Hunt for the word "also" across the entries below, copying each line that holds it.

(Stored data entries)
::::

(* Let $m\ge1$, $n\ge1$ and $t=\lfloor\frac{n-1}{3}\rfloor$. Then the Multidimensional Graded Consensus protocol MGC (described in the context) is an $m$-dimensional $(n,t)$-graded consensus protocol.
   Context: Network model: $n$ players, set of players common knowledge; every pair joined by a direct private channel; synchronous steps, instantaneous delivery; at most $t$ players malicious (arbitrary behaviour), honest players follow the protocol and send the same message to everyone. For player $i$, step $s$, component $c$ and value $v$, $\#_i^s(v,c)$ is the number of distinct players from which $i$ received in step $s$ a valid vector message whose $c$-th component is $v$ (counting its own); conflicting messages from one sender in a step are both discarded, duplicates count once. Definition: a protocol in which each player $i$ privately knows an initial vector $\mathbf{v}_i'=(v'_{i,1},\dots,v'_{i,m})$ with $v'_{i,c}\in V\cup\{\bot\}$ ($\bot\notin V$) is an $m$-dimensional $(n,t)$-graded consensus protocol if in every execution with $n$ players of which at most $t$ are malicious, every honest $i$ halts outputting $((v_{i,1},g_{i,1}),\dots,(v_{i,m},g_{i,m}))$ with $g_{i,c}\in\{0,1,2\}$, $v_{i,c}\in V\cup\{\bot\}$, such that: (1) for all honest $i,j$ and all $c$, $|g_{i,c}-g_{j,c}|\le1$; (2) for all honest $i,j$ and all $c$ with $g_{i,c},g_{j,c}>0$, $v_{i,c}=v_{j,c}\neq\bot$; (3) if $v'_{1,c}=\dots=v'_{n,c}=v_c$ for some $v_c\in V\cup\{\bot\}$, then every honest $i$ outputs $(v_{i,c},g_{i,c})=(v_c,2)$ if $v_c\ne\bot$ and $(\bot,0)$ if $v_c=\bot$. Protocol MGC: STEP 1: each player $i$ sends $\mathbf{v}_i'$ to all players. STEP 2: each $i$ sends to all the vector $\tilde{\mathbf{v}}_i$ with $\tilde v_{i,c}=v$ if $\#_i^1(v,c)\ge\lfloor\frac{2n}{3}\rfloor+1$, and $\tilde v_{i,c}=\bot$ otherwise. OUTPUT: for each $c$, if for some $x\neq\bot$, $\#_i^2(x,c)\ge\lfloor\frac{2n}{3}\rfloor+1$ then $(v_{i,c},g_{i,c})=(x,2)$; else if for some $x\ne\bot$, $\#_i^2(x,c)\ge\lfloor\frac n3\rfloor+1$ then $(v_{i,c},g_{i,c})=(x,1)$; else $(v_{i,c},g_{i,c})=(\bot,0)$. *)

theory Defs
  imports Main
begin

text \<open>Players are 0,...,n-1; components are 0,...,m-1.  Values of V are
elements of the type 'v, and the special symbol bot is None.\<close>

type_synonym 'v vec = "nat \<Rightarrow> 'v option"

text \<open>Effective messages received in one step: inbox i j is the vector message
that recipient i accepts from sender j in that step (None if j sent nothing valid,
or sent conflicting messages, which are discarded).\<close>
type_synonym 'v inbox = "nat \<Rightarrow> nat \<Rightarrow> 'v vec option"

definition cnt :: "nat \<Rightarrow> 'v inbox \<Rightarrow> nat \<Rightarrow> nat \<Rightarrow> 'v option \<Rightarrow> nat" where
  "cnt n r i c v = card {j \<in> {0..<n}. \<exists>w. r i j = Some w \<and> w c = v}"

definition step_inbox :: "nat set \<Rightarrow> (nat \<Rightarrow> 'v vec) \<Rightarrow> 'v inbox \<Rightarrow> 'v inbox" where
  "step_inbox B msg adv = (\<lambda>i j. if j \<in> B then adv i j else Some (msg j))"

definition mgc_tilde :: "nat \<Rightarrow> 'v inbox \<Rightarrow> nat \<Rightarrow> 'v vec" where
  "mgc_tilde n r1 i = (\<lambda>c.
     if \<exists>v. cnt n r1 i c v \<ge> (2 * n) div 3 + 1
     then (SOME v. cnt n r1 i c v \<ge> (2 * n) div 3 + 1) else None)"

definition mgc_output :: "nat \<Rightarrow> 'v inbox \<Rightarrow> nat \<Rightarrow> nat \<Rightarrow> 'v option \<times> nat" where
  "mgc_output n r2 i c =
     (if \<exists>x. x \<noteq> None \<and> cnt n r2 i c x \<ge> (2 * n) div 3 + 1
      then (SOME x. x \<noteq> None \<and> cnt n r2 i c x \<ge> (2 * n) div 3 + 1, 2)
      else if \<exists>x. x \<noteq> None \<and> cnt n r2 i c x \<ge> n div 3 + 1
      then (SOME x. x \<noteq> None \<and> cnt n r2 i c x \<ge> n div 3 + 1, 1)
      else (None, 0))"

text \<open>Execution of MGC: malicious set B, initial vectors v', adversarial
messages adv1 (step 1) and adv2 (step 2, arbitrary, hence may depend on anything).\<close>
definition mgc_run :: "nat \<Rightarrow> nat set \<Rightarrow> (nat \<Rightarrow> 'v vec) \<Rightarrow> 'v inbox \<Rightarrow> 'v inbox
                       \<Rightarrow> nat \<Rightarrow> nat \<Rightarrow> 'v option \<times> nat" where
  "mgc_run n B v' adv1 adv2 =
     (let r1 = step_inbox B v' adv1;
          r2 = step_inbox B (mgc_tilde n r1) adv2
      in mgc_output n r2)"

definition graded_consensus_outcome ::
  "nat \<Rightarrow> nat \<Rightarrow> nat set \<Rightarrow> (nat \<Rightarrow> 'v vec) \<Rightarrow> (nat \<Rightarrow> nat \<Rightarrow> 'v option \<times> nat) \<Rightarrow> bool" where
  "graded_consensus_outcome n m B v' out \<longleftrightarrow>
     (let H = {0..<n} - B in
       (\<forall>i\<in>H. \<forall>c<m. snd (out i c) \<in> {0, 1, 2}) \<and>
       (\<forall>i\<in>H. \<forall>j\<in>H. \<forall>c<m. snd (out i c) \<le> snd (out j c) + 1) \<and>
       (\<forall>i\<in>H. \<forall>j\<in>H. \<forall>c<m. snd (out i c) > 0 \<and> snd (out j c) > 0 \<longrightarrow>
            fst (out i c) = fst (out j c) \<and> fst (out i c) \<noteq> None) \<and>
       (\<forall>c<m. \<forall>vc. (\<forall>i<n. v' i c = vc) \<longrightarrow>
            (\<forall>i\<in>H. out i c = (if vc \<noteq> None then (vc, 2) else (None, 0)))))"
lemma suminf_eps_tail: "(\<Sum>j. \<epsilon> (j + Suc n)) \<le> 1 / (6 * q * real (Suc (k n)) powr (q - 1))"
proof -
  have "(\<Sum>j. \<epsilon> (j + Suc n)) \<le> (\<Sum>j. (1/4) ^ j * \<epsilon> (Suc n))"
    by (intro suminf_le eps_decay summable_eps_shift summable_mult2 summable_geometric) simp
  also have "\<dots> = 4 / 3 * \<epsilon> (Suc n)"
    using suminf_geometric[of "1/4::real"] by (simp add: suminf_mult2[symmetric] summable_geometric)
  also have "\<dots> \<le> 4 / 3 * (1 / (8 * q * real (Suc (k n)) powr (q - 1)))"
    using eps_level[of n] by (intro mult_left_mono) auto
  finally show ?thesis by (simp add: field_simps)
qed

lemma hump_mean_bound: "T \<in> \<S> \<Longrightarrow> \<exists>K\<ge>0. \<forall>j. \<bar>mean (lebesgue_on T) (h j)\<bar> \<le> K * \<epsilon> j"
  using means_linked_basis[OF p0 _ base_shape, of T] hump_BMO hump_norm hump_mean
  unfolding means_linked_def by (metis (no_types, opaque_lifting) diff_zero mult_left_mono order_trans)

lemma in_BMO_hump_sum: "in_BMO p0 \<S> (\<lambda>x. \<Sum>j. h j x)"
  by (rule in_BMO_suminf[OF p0 hump_BMO hump_norm eps_geometric hump_mean_bound])

lemma hump_on_shape:
  assumes "T \<in> \<S>"
  shows "integrable (lebesgue_on T) (h j)" "osc_integral (lebesgue_on T) p0 (h j) < \<infinity>"
    "osc (lebesgue_on T) p0 (h j) \<le> \<epsilon> j"
  using in_BMO_D[OF hump_BMO assms] order_trans[OF osc_le_bmo_norm[OF hump_BMO assms] hump_norm]
  by auto

lemma hump_tail_small:
  fixes n :: nat
  defines "w \<equiv> \<lambda>x. \<Sum>j. h (j + Suc n) x"
  shows "ennreal (q * real (Suc (k n)) powr (q - 1)) *
      (\<integral>\<^sup>+x. ennreal \<bar>w x - mean (lebesgue_on (S n)) w\<bar> \<partial>lebesgue_on (S n))
    \<le> ennreal (measure lebesgue (S n))"
proof -
  interpret finite_measure_pos "lebesgue_on (S n)"
    using hump_shape shape finite_measure_pos_lebesgue_on by blast
  define L where "L = q * real (Suc (k n)) powr (q - 1)"
  have L_pos: "0 < L" using p0 exponent by (simp add: L_def)
  obtain K where K: "0 \<le> K" "\<And>j. \<bar>mean (lebesgue_on (S n)) (h j)\<bar> \<le> K * \<epsilon> j"
    using hump_mean_bound[OF hump_shape] by blast
  have tail_nonneg: "0 \<le> (\<Sum>j. \<epsilon> (j + Suc n))"
    using summable_eps_shift eps_nonneg by (rule suminf_nonneg)
  have "ennreal L * (\<integral>\<^sup>+x. ennreal \<bar>w x - mean (lebesgue_on (S n)) w\<bar> \<partial>lebesgue_on (S n))
      \<le> ennreal L * ennreal (2 * mass * (\<Sum>j. \<epsilon> (j + Suc n)))"
    unfolding w_def
    using nn_integral_abs_dev_series_le[where h = "\<lambda>j. h (j + Suc n)" and \<epsilon> = "\<lambda>j. \<epsilon> (j + Suc n)",
        OF p0 hump_on_shape[OF hump_shape] summable_eps_shift K]
    by (intro mult_left_mono) auto
  also have "\<dots> \<le> ennreal mass"
  proof -
    have "L * (2 * mass * (\<Sum>j. \<epsilon> (j + Suc n))) \<le> L * (2 * mass * (1 / (6 * L)))"
      using suminf_eps_tail[of n] L_pos mass_pos by (intro mult_left_mono) (auto simp: L_def mult.assoc)
    also have "\<dots> \<le> mass" using L_pos mass_pos by simp
    finally show ?thesis
      using L_pos mass_pos tail_nonneg by (simp add: ennreal_mult[symmetric] ennreal_leI)
  qed
  also have "mass = measure lebesgue (S n)"
    by (rule measure_lebesgue_on_shape[OF shape[OF hump_shape]])
  finally show ?thesis by (simp add: L_def)
qed

lemma osc_hump_sum_gt: "real n < osc (lebesgue_on (S n)) q (\<lambda>x. \<Sum>j. h j x)"
proof -
  interpret finite_measure_pos "lebesgue_on (S n)"
    using hump_shape shape finite_measure_pos_lebesgue_on by blast
  define g where "g = (\<lambda>x. \<Sum>j. h j x)"
  define w where "w = (\<lambda>x. \<Sum>j. h (j + Suc n) x)"
  have q1: "1 \<le> q" and q_pos: "0 < q" using p0 exponent by auto
  obtain K where K: "0 \<le> K" "\<And>j. \<bar>mean (lebesgue_on (S n)) (h j)\<bar> \<le> K * \<epsilon> j"
    using hump_mean_bound[OF hump_shape] by blast
  note series = AE_summable_series integrable_series
  note sum = series[OF p0 hump_on_shape[OF hump_shape] summable_eps K]
  note tail = series[where h = "\<lambda>j. h (j + Suc n)" and \<epsilon> = "\<lambda>j. \<epsilon> (j + Suc n)",
      OF p0 hump_on_shape[OF hump_shape] summable_eps_shift K]
  have split: "AE x in lebesgue_on (S n). g x = (\<Sum>j<Suc n. h j x) + w x"
    using sum(1)
  proof eventually_elim
    case (elim x)
    show ?case
      using suminf_split_initial_segment[OF summable_rabs_cancel[OF elim], of "Suc n"]
      by (simp only: g_def w_def ac_simps)
  qed
  have "real n powr q < osc (lebesgue_on (S n)) q g powr q"
  proof (rule osc_powr_gt_if_trunc_osc_integral_gt[OF _ _ _ split _ q1])
    show "ennreal ((real n powr q + 1) * mass)
        < trunc_osc_integral (lebesgue_on (S n)) q (real (Suc (k n))) (\<lambda>x. \<Sum>j<Suc n. h j x)"
      using hump_large[of n] measure_lebesgue_on_shape[OF shape[OF hump_shape]] by simp
    show "ennreal (q * real (Suc (k n)) powr (q - 1)) *
        (\<integral>\<^sup>+x. ennreal \<bar>w x - mean (lebesgue_on (S n)) w\<bar> \<partial>lebesgue_on (S n)) \<le> ennreal mass"
      using hump_tail_small[of n] measure_lebesgue_on_shape[OF shape[OF hump_shape]] by (simp add: w_def)
    show "osc_integral (lebesgue_on (S n)) q g < \<infinity>"
      using in_BMO_D(2)[OF in_BMO_exponent[OF in_BMO_hump_sum q_pos] hump_shape] by (simp add: g_def)
  qed (use hump_on_shape[OF hump_shape] sum(2) tail(2) in \<open>auto simp: g_def w_def\<close>)
  then show ?thesis
    using q_pos osc_nonneg powr_mono2[of q "osc (lebesgue_on (S n)) q g" "real n"]
    by (force simp: g_def)
qed
lemma bimachine_fun_ctx_repetition_depends_on_sum:
  fixes mu :: "'a list \<Rightarrow> 'm::monoid_mult" and al0 :: "'a list" and us als :: "'a list list"
  assumes mm: "monoid_morphism mu" and idem: "\<And>x::'m. x ^ \<omega> * x ^ \<omega> = x ^ \<omega>" and "0 < \<omega>"
    and k: "length us = k"
  defines "w \<equiv> Wword al0 us als \<omega> (replicate k 1)"
  shows "\<exists>F. \<forall>X Y. length X = k \<longrightarrow> length Y = k \<longrightarrow> (\<forall>i<k. 3 \<le> X ! i) \<longrightarrow> (\<forall>i<k. 3 \<le> Y ! i) \<longrightarrow>
    bimachine_fun_ctx mu lam l r (\<alpha> @ wpow w (2 * \<omega> - 1) @ Wword al0 us als \<omega> X @ wpow w (\<omega> - 1)
      @ Wword al0 us als \<omega> Y @ wpow w \<omega> @ \<beta>) = F (map2 (+) X Y)"
proof -
  obtain C L R where split: "\<And>x y. mu x = mu w \<Longrightarrow> mu y = mu w \<Longrightarrow>
    bimachine_fun_ctx mu lam l r (\<alpha> @ wpow w (2 * \<omega> - 1) @ x @ wpow w (\<omega> - 1) @ y @ wpow w \<omega> @ \<beta>) =
      C + bimachine_fun_ctx mu lam L R x + bimachine_fun_ctx mu lam L R y"
    using bimachine_fun_ctx_repetition_split[OF mm idem \<open>0 < \<omega>\<close>, where w = w and lam = lam
        and l = l and r = r and \<alpha> = \<alpha> and \<beta> = \<beta>] by blast
  obtain G where pair: "\<And>X Y. length X = length us \<Longrightarrow> length Y = length us \<Longrightarrow>
    \<forall>i<length us. 2 \<le> X ! i \<Longrightarrow> \<forall>i<length us. 2 \<le> Y ! i \<Longrightarrow>
    bimachine_fun_ctx mu lam L R (Wword al0 us als \<omega> X)
    + bimachine_fun_ctx mu lam L R (Wword al0 us als \<omega> Y) = G (map2 (+) X Y)"
    using bimachine_fun_ctx_Wword_add_map2[OF mm idem, where us = us and lam = lam and l = L and r = R
        and als = als] by blast
  have mu_W: "mu (Wword al0 us als \<omega> Z) = mu w" if "\<forall>i<k. 3 \<le> Z ! i" for Z
    unfolding w_def using that k by (intro monoid_morphism_Wword_eq[OF mm idem]) auto
  have word_value: "bimachine_fun_ctx mu lam l r (\<alpha> @ wpow w (2 * \<omega> - 1) @ Wword al0 us als \<omega> X @ wpow w (\<omega> - 1)
      @ Wword al0 us als \<omega> Y @ wpow w \<omega> @ \<beta>) = C + G (map2 (+) X Y)"
    if "length X = k" "length Y = k" and X: "\<forall>i<k. 3 \<le> X ! i" and Y: "\<forall>i<k. 3 \<le> Y ! i" for X Y
  proof -
    have "\<forall>i<length us. 2 \<le> X ! i" and "\<forall>i<length us. 2 \<le> Y ! i"
      using X Y k by auto
    then show ?thesis
      using split[OF mu_W[OF X] mu_W[OF Y]] pair that(1,2) k by simp
  qed
  show ?thesis
    by (intro exI[of _ "\<lambda>S. C + G S"] allI impI) (rule word_value; assumption)
qed

theorem mainTheorem2:
  fixes mu :: "'a::finite list \<Rightarrow> 'm::{monoid_mult, finite}"
    and lam :: "'m \<Rightarrow> 'a \<Rightarrow> 'm \<Rightarrow> nat"
    and k :: nat
  assumes "monoid_morphism mu"
    and "k \<ge> 1"
  shows "k_repetitive k (bimachine_fun mu lam)"
proof -
  \<comment> \<open>The argument does not use k \<ge> 1: the case k = 0 holds as well.\<close>
  obtain \<omega>0 :: nat where "1 \<le> \<omega>0" and idem0: "\<And>x::'m. x ^ \<omega>0 * x ^ \<omega>0 = x ^ \<omega>0"
    using finite_monoid_uniform_idempotent_power[where 'm = 'm] by blast
  have idem: "x ^ \<omega> * x ^ \<omega> = x ^ \<omega>" if "0 < \<omega>" and "\<omega>0 dvd \<omega>" for \<omega> and x :: 'm
    using idempotent_power_multiple[OF idem0 that(2,1)] idem0 by simp
  show ?thesis
    unfolding k_repetitive_def Let_def bimachine_fun_eq_ctx
    using \<open>1 \<le> \<omega>0\<close> idem by (blast intro: bimachine_fun_ctx_repetition_depends_on_sum[OF assms(1)])
qed

end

::::

◆ **Solution to the exercise**
  also have "\<dots> = 4 / 3 * \<epsilon> (Suc n)"
  also have "\<dots> \<le> 4 / 3 * (1 / (8 * q * real (Suc (k n)) powr (q - 1)))"
  also have "\<dots> \<le> ennreal mass"
    also have "\<dots> \<le> mass" using L_pos mass_pos by simp
  also have "mass = measure lebesgue (S n)"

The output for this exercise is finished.